▶ PROBLEM TO SOLVE: The records must be returned word for word.

Stored data entries:

──────────

(* Let $C$ be a d-cone and let $C^*$ be the cone of all Scott-continuous linear functionals $\mu\colon C\to\overline{\mathbb{R}}_+$ (with pointwise operations), endowed with the weak$^*$ upper topology. Let $C_0$ be a d-dense subcone of $C$. Then for every sublinear functional $\varphi\colon C^*\to\overline{\mathbb{R}}_+$ which is lower semicontinuous with respect to the weak$^*$ upper topology and every $\mu\in C^*$, \[\varphi(\mu)=\sup\{\mu(x)\mid x\in C_0,\ \widehat x\le\varphi\},\] where $\widehat x\le\varphi$ means $\nu(x)\le\varphi(\nu)$ for all $\nu\in C^*$.
   Context: $\overline{\mathbb{R}}_+=[0,+\infty)\cup\{+\infty\}$ with its usual order and extended arithmetic ($r+\infty=+\infty$, $r\cdot\infty=\infty$ for $r>0$, $0\cdot\infty=0$), with the upper topology (open sets $\emptyset$, $\overline{\mathbb{R}}_+$, $]r,+\infty]$ for $r\in[0,\infty)$); lower semicontinuous means continuous for it. A cone is a commutative monoid with a scalar multiplication by $[0,\infty)$ satisfying $r(x+y)=rx+ry$, $(r+s)x=rx+sx$, $(rs)x=r(sx)$, $1x=x$, $0x=0$. A d-cone is a cone with a directed complete partial order such that addition and scalar multiplication $[0,\infty)\times C\to C$ are Scott-continuous (order preserving and preserving suprema of directed families). A d-subcone is a subcone closed under directed suprema in $C$; a subcone $C_0$ is d-dense if the only d-subcone of $C$ containing $C_0$ is $C$. Linear = additive and homogeneous ($\mu(rx)=r\mu(x)$, $r\in[0,\infty)$); sublinear = homogeneous and subadditive. For $x\in C$, $\widehat x\colon C^*\to\overline{\mathbb{R}}_+$ is $\widehat x(\mu)=\mu(x)$. The weak$^*$ upper topology on $C^*$ is the coarsest topology making every $\widehat x$, $x\in C$, lower semicontinuous. $\sup\emptyset=0$. *)

theory Defs
  imports "HOL-Analysis.Analysis"
begin

definition directed :: "('a \<Rightarrow> 'a \<Rightarrow> bool) \<Rightarrow> 'a set \<Rightarrow> bool" where
  "directed le D \<longleftrightarrow> D \<noteq> {} \<and> (\<forall>x\<in>D. \<forall>y\<in>D. \<exists>z\<in>D. le x z \<and> le y z)"

definition lub_in :: "'a set \<Rightarrow> ('a \<Rightarrow> 'a \<Rightarrow> bool) \<Rightarrow> 'a set \<Rightarrow> 'a \<Rightarrow> bool" where
  "lub_in A le D s \<longleftrightarrow> s \<in> A \<and> (\<forall>x\<in>D. le x s) \<and>
     (\<forall>u\<in>A. (\<forall>x\<in>D. le x u) \<longrightarrow> le s u)"

definition dsup :: "('a \<Rightarrow> 'a \<Rightarrow> bool) \<Rightarrow> 'a set \<Rightarrow> 'a" where
  "dsup le D = (THE s. lub_in UNIV le D s)"

definition dcpo :: "('a \<Rightarrow> 'a \<Rightarrow> bool) \<Rightarrow> bool" where
  "dcpo le \<longleftrightarrow> (\<forall>x. le x x) \<and> (\<forall>x y. le x y \<longrightarrow> le y x \<longrightarrow> x = y) \<and>
     (\<forall>x y z. le x y \<longrightarrow> le y z \<longrightarrow> le x z) \<and>
     (\<forall>D. directed le D \<longrightarrow> (\<exists>s. lub_in UNIV le D s))"

definition scott_cont_on ::
  "'a set \<Rightarrow> ('a \<Rightarrow> 'a \<Rightarrow> bool) \<Rightarrow> ('b \<Rightarrow> 'b \<Rightarrow> bool) \<Rightarrow> ('a \<Rightarrow> 'b) \<Rightarrow> bool" where
  "scott_cont_on A leA leB f \<longleftrightarrow>
     (\<forall>x\<in>A. \<forall>y\<in>A. leA x y \<longrightarrow> leB (f x) (f y)) \<and>
     (\<forall>D s. D \<subseteq> A \<and> directed leA D \<and> lub_in A leA D s \<longrightarrow> lub_in UNIV leB (f ` D) (f s))"

definition prod_le :: "('a \<Rightarrow> 'a \<Rightarrow> bool) \<Rightarrow> ('b \<Rightarrow> 'b \<Rightarrow> bool) \<Rightarrow> 'a \<times> 'b \<Rightarrow> 'a \<times> 'b \<Rightarrow> bool" where
  "prod_le le1 le2 p q \<longleftrightarrow> le1 (fst p) (fst q) \<and> le2 (snd p) (snd q)"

──────────

▶ EXPECTED ANSWER:
(* Let $C$ be a d-cone and let $C^*$ be the cone of all Scott-continuous linear functionals $\mu\colon C\to\overline{\mathbb{R}}_+$ (with pointwise operations), endowed with the weak$^*$ upper topology. Let $C_0$ be a d-dense subcone of $C$. Then for every sublinear functional $\varphi\colon C^*\to\overline{\mathbb{R}}_+$ which is lower semicontinuous with respect to the weak$^*$ upper topology and every $\mu\in C^*$, \[\varphi(\mu)=\sup\{\mu(x)\mid x\in C_0,\ \widehat x\le\varphi\},\] where $\widehat x\le\varphi$ means $\nu(x)\le\varphi(\nu)$ for all $\nu\in C^*$.
   Context: $\overline{\mathbb{R}}_+=[0,+\infty)\cup\{+\infty\}$ with its usual order and extended arithmetic ($r+\infty=+\infty$, $r\cdot\infty=\infty$ for $r>0$, $0\cdot\infty=0$), with the upper topology (open sets $\emptyset$, $\overline{\mathbb{R}}_+$, $]r,+\infty]$ for $r\in[0,\infty)$); lower semicontinuous means continuous for it. A cone is a commutative monoid with a scalar multiplication by $[0,\infty)$ satisfying $r(x+y)=rx+ry$, $(r+s)x=rx+sx$, $(rs)x=r(sx)$, $1x=x$, $0x=0$. A d-cone is a cone with a directed complete partial order such that addition and scalar multiplication $[0,\infty)\times C\to C$ are Scott-continuous (order preserving and preserving suprema of directed families). A d-subcone is a subcone closed under directed suprema in $C$; a subcone $C_0$ is d-dense if the only d-subcone of $C$ containing $C_0$ is $C$. Linear = additive and homogeneous ($\mu(rx)=r\mu(x)$, $r\in[0,\infty)$); sublinear = homogeneous and subadditive. For $x\in C$, $\widehat x\colon C^*\to\overline{\mathbb{R}}_+$ is $\widehat x(\mu)=\mu(x)$. The weak$^*$ upper topology on $C^*$ is the coarsest topology making every $\widehat x$, $x\in C$, lower semicontinuous. $\sup\emptyset=0$. *)

theory Defs
  imports "HOL-Analysis.Analysis"
begin

definition directed :: "('a \<Rightarrow> 'a \<Rightarrow> bool) \<Rightarrow> 'a set \<Rightarrow> bool" where
  "directed le D \<longleftrightarrow> D \<noteq> {} \<and> (\<forall>x\<in>D. \<forall>y\<in>D. \<exists>z\<in>D. le x z \<and> le y z)"

definition lub_in :: "'a set \<Rightarrow> ('a \<Rightarrow> 'a \<Rightarrow> bool) \<Rightarrow> 'a set \<Rightarrow> 'a \<Rightarrow> bool" where
  "lub_in A le D s \<longleftrightarrow> s \<in> A \<and> (\<forall>x\<in>D. le x s) \<and>
     (\<forall>u\<in>A. (\<forall>x\<in>D. le x u) \<longrightarrow> le s u)"

definition dsup :: "('a \<Rightarrow> 'a \<Rightarrow> bool) \<Rightarrow> 'a set \<Rightarrow> 'a" where
  "dsup le D = (THE s. lub_in UNIV le D s)"

definition dcpo :: "('a \<Rightarrow> 'a \<Rightarrow> bool) \<Rightarrow> bool" where
  "dcpo le \<longleftrightarrow> (\<forall>x. le x x) \<and> (\<forall>x y. le x y \<longrightarrow> le y x \<longrightarrow> x = y) \<and>
     (\<forall>x y z. le x y \<longrightarrow> le y z \<longrightarrow> le x z) \<and>
     (\<forall>D. directed le D \<longrightarrow> (\<exists>s. lub_in UNIV le D s))"

definition scott_cont_on ::
  "'a set \<Rightarrow> ('a \<Rightarrow> 'a \<Rightarrow> bool) \<Rightarrow> ('b \<Rightarrow> 'b \<Rightarrow> bool) \<Rightarrow> ('a \<Rightarrow> 'b) \<Rightarrow> bool" where
  "scott_cont_on A leA leB f \<longleftrightarrow>
     (\<forall>x\<in>A. \<forall>y\<in>A. leA x y \<longrightarrow> leB (f x) (f y)) \<and>
     (\<forall>D s. D \<subseteq> A \<and> directed leA D \<and> lub_in A leA D s \<longrightarrow> lub_in UNIV leB (f ` D) (f s))"

definition prod_le :: "('a \<Rightarrow> 'a \<Rightarrow> bool) \<Rightarrow> ('b \<Rightarrow> 'b \<Rightarrow> bool) \<Rightarrow> 'a \<times> 'b \<Rightarrow> 'a \<times> 'b \<Rightarrow> bool" where
  "prod_le le1 le2 p q \<longleftrightarrow> le1 (fst p) (fst q) \<and> le2 (snd p) (snd q)"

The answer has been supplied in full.